Player 2: Distribution 28.6/0/0

If I did my calculations right, these 2 players have the same ROI. I am betting that the variance of Player 2 is greater, and you would have even less confidence of that player's ROI than player 1 (the confidence interval would be greater). I could be completely wrong, though.

stupidsucker
03-16-2005, 03:52 PM
[ QUOTE ]
If I did my calculations right, these 2 players have the same ROI. I am betting that the variance of Player 2 is greater, and you would have even less confidence of that player's ROI than player 1 (the confidence interval would be greater). I could be completely wrong, though.


[/ QUOTE ]

I am curious too. This might be an interesting experiment to see how much ITM% directly affects variance.

Raiser
03-16-2005, 04:20 PM
[ QUOTE ]
[ QUOTE ]
If I did my calculations right, these 2 players have the same ROI. I am betting that the variance of Player 2 is greater, and you would have even less confidence of that player's ROI than player 1 (the confidence interval would be greater). I could be completely wrong, though.


[/ QUOTE ]

I am curious too. This might be an interesting experiment to see how much ITM% directly affects variance.

[/ QUOTE ]

jcm's guess is right. The variance, with respect to ROI, for the 28.6/0/0 player is higher than the 15/14/13 player.

Slim Pickens
03-16-2005, 05:44 PM
This is from my baby sim, which benchmarked well against eastbay's. The sample size is now 25k (his was 250k).

input ROI=30%
input finish distribution: 26.8% 1st, 0% 2nd, 0% 3rd

# of tournaments:% of the time ROI is within +-5% of input value

100: 18%
500: 42%
1000: 56%
2000: 72%

Slim

bball904
03-16-2005, 05:55 PM
[ QUOTE ]
This is from my baby sim, which benchmarked well against eastbay's. The sample size is now 25k (his was 250k).

input ROI=30%
input finish distribution: 26.8% 1st, 0% 2nd, 0% 3rd

# of tournaments:% of the time ROI is within +-5% of input value

100: 18%
500: 42%
1000: 56%
2000: 72%

Slim

[/ QUOTE ]

Finally some analysis of value. This comes very close to my 27/2/3 distribution over my last 1500 55's. Thanks for the "analysis".

Thanks also to Scuba and pooh for adding some common sense posts to this thread.

Slim Pickens
03-16-2005, 06:07 PM
Aw... my first bball troll/flame. This one's going on my fridge.

Barrett's Last Privateer
03-16-2005, 07:52 PM
Guys,

Thanks heaps for taking the time to do this.

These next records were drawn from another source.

(* Let $s\in\{0,1\}^n$, $p\in[0,1)$, $x\in\{0,1\}^k$ with $k\ge2$, and $i\in\{1,\dots,n-k+1\}$. Then $$K_{s,x}[i]=\frac{1}{(1-p)^k}\left(P_{s,x}[i]-\sum_{\ell=k+1}^{n}\sum_{y\in Y_\ell(x)}(-1)^{|y|-|x|+1}P_{s,y}[i]\binom{y}{x}'\left(\frac{p}{1-p}\right)^{\ell-k}\right).$$
   Context: Deletion channel: a trace $\tilde S$ of $s$ is obtained by deleting each bit of $s$ independently with probability $p$. Strings are indexed from 1, $s[a:b]=(s[a],\dots,s[b])$, and for a string $z$, $z[2:-2]$ denotes $z$ with its first and last symbols removed. For strings $y,z$, $\binom{y}{z}$ denotes the number of ways to delete $|y|-|z|$ symbols of $y$ to obtain $z$ (i.e., the number of index sets at which $z$ occurs as a subsequence of $y$), and $\binom{y}{z}'=\binom{y[2:-2]}{z[2:-2]}$. For a string $x$ of length $k$ and $\ell\ge k$, $Y_\ell(x)$ is the set of binary strings $y$ of length $\ell$ that are supersequences of $x$ with $y[1]=x[1]$ and $y[\ell]=x[k]$. For any binary string $x$ of length $m$, $K_{s,x}[i]=\sum_{j\ge i}\binom{j-1}{i-1}(1-p)^{i-1}p^{j-i}\mathbb 1\{s[j:j+m-1]=x\}$ (terms with $j+m-1>n$ are zero), and $P_{s,x}[i]=\Pr(\tilde S[i:i+m-1]=x)$ (zero if the trace is shorter than $i+m-1$). *)

theory Defs
  imports Complex_Main "HOL-Library.Sublist"
begin
text \<open>If \<open>A\<close> lies in one component \<open>K\<close> of \<open>U - C\<close>, every vertex of \<open>U\<close> outside \<open>K\<close> still reaches
  \<open>C\<close> inside \<open>U - A\<close>: its path to \<open>C\<close> may be cut where it first enters \<open>C\<close>, and before that it
  cannot meet \<open>K\<close>.\<close>

lemma rtrancl_und_edges_on_avoiding_component:
  assumes U: "connected_on E U" and C: "connected_on E C" "C \<subseteq> U" "c \<in> C"
    and x: "x \<in> U - C" and A: "A \<subseteq> component_on E (U - C) x"
    and w: "w \<in> U" "w \<notin> component_on E (U - C) x"
  shows "(w,c) \<in> (und_edges_on E (U - A))\<^sup>*"
proof -
  let ?K = "component_on E (U - C) x"
  have "?K \<subseteq> U - C"
    using component_on_subset[OF x] .
  then have CA: "C \<subseteq> U - A"
    using A C(2) by blast
  have to_c: "(v,c) \<in> (und_edges_on E (U - A))\<^sup>*" if "v \<in> C" for v
    using connected_onD[OF C(1) that C(3)] rtrancl_und_edges_on_mono[OF CA] by blast
  show ?thesis
  proof (cases "w \<in> C")
    case False
    have "(w,c) \<in> (und_edges_on E U)\<^sup>*"
      using connected_onD[OF U w(1)] C(2,3) by blast
    then obtain p q where wp: "(w,p) \<in> (und_edges_on E (U - C))\<^sup>*" and "p \<in> U - C"
      and pq: "(p,q) \<in> und_edges_on E U" and "q \<notin> U - C"
      by (rule rtrancl_und_edges_on_exit[where W = "U - C"]) (use False w(1) C(3) in auto)
    then have "q \<in> C"
      unfolding und_edges_on_def by blast
    let ?V = "U - C - ?K"
    have closed: "v \<in> ?V" if "u \<in> ?V" "(u,v) \<in> und_edges_on E (U - C)" for u v
    proof -
      have "(v,u) \<in> und_edges_on E (U - C)"
        using that(2) unfolding und_edges_on_def by blast
      then have "v \<notin> ?K"
        using that(1) component_on_step[of v E "U - C" x u] by blast
      then show ?thesis
        using that(2) unfolding und_edges_on_def by blast
    qed
    have "w \<in> ?V"
      using False w by blast
    then have "(w,p) \<in> (und_edges_on E ?V)\<^sup>* \<and> p \<in> ?V"
      by (rule rtrancl_und_edges_on_restrict[OF wp]) (rule closed)
    moreover have "?V \<subseteq> U - A"
      using A by blast
    ultimately have "(w,p) \<in> (und_edges_on E (U - A))\<^sup>*" and "(p,q) \<in> und_edges_on E (U - A)"
      using rtrancl_und_edges_on_mono[of ?V "U - A" E] pq \<open>q \<in> C\<close> CA
      unfolding und_edges_on_def by auto
    then show ?thesis
      using to_c[OF \<open>q \<in> C\<close>] by (meson rtrancl_into_rtrancl rtrancl_trans)
  qed (rule to_c)
qed

lemma component_on_Diff_subset_component_on:
  assumes "connected_on E U" "connected_on E C" "C \<subseteq> U" "c \<in> C" "x \<in> U - C"
    and A: "A \<subseteq> component_on E (U - C) x"
    and y: "y \<in> U - A" "(y,c) \<notin> (und_edges_on E (U - A))\<^sup>*"
  shows "component_on E (U - A) y \<subseteq> component_on E (U - C) x - A"
proof
  fix v assume "v \<in> component_on E (U - A) y"
  then have "v \<in> U - A" and "(y,v) \<in> (und_edges_on E (U - A))\<^sup>*"
    using component_on_subset[OF y(1)] unfolding component_on_def by auto
  moreover have "v \<in> component_on E (U - C) x"
    using rtrancl_und_edges_on_avoiding_component[OF assms(1-5) A, of v] y(2) \<open>v \<in> U - A\<close>
      \<open>(y,v) \<in> _\<close> rtrancl_trans[of y v _ c] by blast
  ultimately show "v \<in> component_on E (U - C) x - A"
    by blast
qed

lemma exists_closed_block_in_component:
  fixes E :: "('n::finite) rel"
  assumes p: "graded_partition E a U P" and "C \<in> P"
    and "pred_closed E U C \<or> pred_closed (E\<inverse>) U C" and "x \<in> U - C"
  shows "\<exists>A \<in> P. A \<subseteq> component_on E (U - C) x \<and> (pred_closed E U A \<or> pred_closed (E\<inverse>) U A)"
proof (cases "pred_closed (E\<inverse>) U C")
  case True
  then show ?thesis
    using exists_pred_closed_block_in_component[OF p \<open>C \<in> P\<close> True \<open>x \<in> U - C\<close>] by blast
next
  case False
  then have "pred_closed ((E\<inverse>)\<inverse>) U C"
    using assms(3) by simp
  then show ?thesis
    using exists_pred_closed_block_in_component[OF graded_partition_converse[OF p] \<open>C \<in> P\<close> _ \<open>x \<in> U - C\<close>]
    by auto
qed

text \<open>Among all blocks \<open>C\<close> closed under predecessors or successors and all \<open>x \<in> U - C\<close>, pick one
  minimising the component of \<open>x\<close> in \<open>U - C\<close>. If \<open>U - C\<close> were disconnected, that component
  would contain a block \<open>A\<close> of the opposite kind, and removing \<open>A\<close> instead would leave a
  strictly smaller component.\<close>

lemma exists_removable_block:
  fixes E :: "('n::finite) rel"
  assumes p: "graded_partition E a U P" and U: "connected_on E U" and "2 \<le> card P"
  shows "\<exists>C \<in> P. connected_on E (U - C) \<and> (pred_closed E U C \<or> pred_closed (E\<inverse>) U C)"
proof (rule ccontr)
  assume none: "\<not> ?thesis"
  define Q where "Q = (\<lambda>(C,x). C \<in> P \<and> (pred_closed E U C \<or> pred_closed (E\<inverse>) U C) \<and> x \<in> U - C)"
  define f where "f = (\<lambda>(C,x). card (component_on E (U - C) x))"
  obtain C0 where C0: "C0 \<in> P" "pred_closed E U C0"
    using exists_pred_closed_block[OF p connected_on_nonempty[OF U]] by blast
  then obtain x0 where "x0 \<in> U - C0"
    using graded_partition_Diff_block_nonempty[OF p \<open>2 \<le> card P\<close>] by blast
  with C0 have "Q (C0,x0)"
    unfolding Q_def by simp
  then obtain C x where Q: "Q (C,x)" and minimal: "\<And>D. Q D \<Longrightarrow> f (C,x) \<le> f D"
    using ex_has_least_nat[of Q "(C0,x0)" f] by auto
  then have C: "C \<in> P" "pred_closed E U C \<or> pred_closed (E\<inverse>) U C" and x: "x \<in> U - C"
    unfolding Q_def by auto
  define K where "K = component_on E (U - C) x"
  have "K \<subseteq> U - C"
    unfolding K_def using component_on_subset[OF x] .
  obtain A where A: "A \<in> P" "A \<subseteq> K" and A_closed: "pred_closed E U A \<or> pred_closed (E\<inverse>) U A"
    using exists_closed_block_in_component[OF p C x] unfolding K_def by blast
  have not_connected: "\<not> connected_on E (U - A)"
    using none A(1) A_closed by blast
  obtain c where "c \<in> C"
    using connected_on_nonempty[OF graded_partition_connected[OF p C(1)]] by blast
  have "\<exists>y \<in> U - A. (y,c) \<notin> (und_edges_on E (U - A))\<^sup>*"
  proof (rule ccontr)
    assume "\<not> ?thesis"
    then have "connected_on E (U - A)"
      using \<open>c \<in> C\<close> \<open>A \<subseteq> K\<close> \<open>K \<subseteq> U - C\<close> graded_partition_block_subset[OF p C(1)]
      by (intro connected_onI[of c]) (auto intro: rtrancl_und_edges_on_sym)
    with not_connected show False
      by blast
  qed
  then obtain y where y: "y \<in> U - A" "(y,c) \<notin> (und_edges_on E (U - A))\<^sup>*"
    by blast
  define K' where "K' = component_on E (U - A) y"
  have "K' \<subseteq> K - A"
    unfolding K_def K'_def
    using component_on_Diff_subset_component_on[OF U graded_partition_connected[OF p C(1)]
        graded_partition_block_subset[OF p C(1)] \<open>c \<in> C\<close> x _ y] A(2) K_def by blast
  moreover have "A \<noteq> {}"
    using connected_on_nonempty[OF graded_partition_connected[OF p A(1)]] .
  ultimately have "card K' < card K"
    using A(2) by (intro psubset_card_mono) auto
  moreover have "Q (A,y)"
    unfolding Q_def using A(1) A_closed y(1) by simp
  then have "card K \<le> card K'"
    using minimal unfolding f_def K_def K'_def by fastforce
  ultimately show False
    by simp
qed

lemma block_cut_of_block:
  assumes p: "graded_partition E a U P" and "C \<in> P" "pred_closed E U C" "connected_on E (U - C)"
  shows "block_cut E U P C"
  unfolding block_cut_def
  using assms graded_partition_block_subset[OF p] graded_partition_connected[OF p]
    graded_partition_disjoint[OF p _ \<open>C \<in> P\<close>]
  by blast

Particulalry liking the switch around to 'for a given observed ROI I'm 90% confident my true ROI is between x and y.'

Obviously knowing the potential range of observed ROIs for a given true ROI is also interesting, but as it's the observed ROI which we actually see, and the true ROI about which we want to make inferences (albeit recognising the assumptions we have made), looking at things from this way is particulalry useful.

BLP

ReDeYES88
03-16-2005, 10:18 PM
[ QUOTE ]
Since I'm always learning, changing my game, and getting better (gulp, I hope), this would seem to me to skew results. These results would suggest that you play the same style the entire sample period.

Just something to add as a sub-note. Thanks, I like the work tho.

[/ QUOTE ]

I was just formulating a similar post in my head as I scrolled down and came across yours. Good point.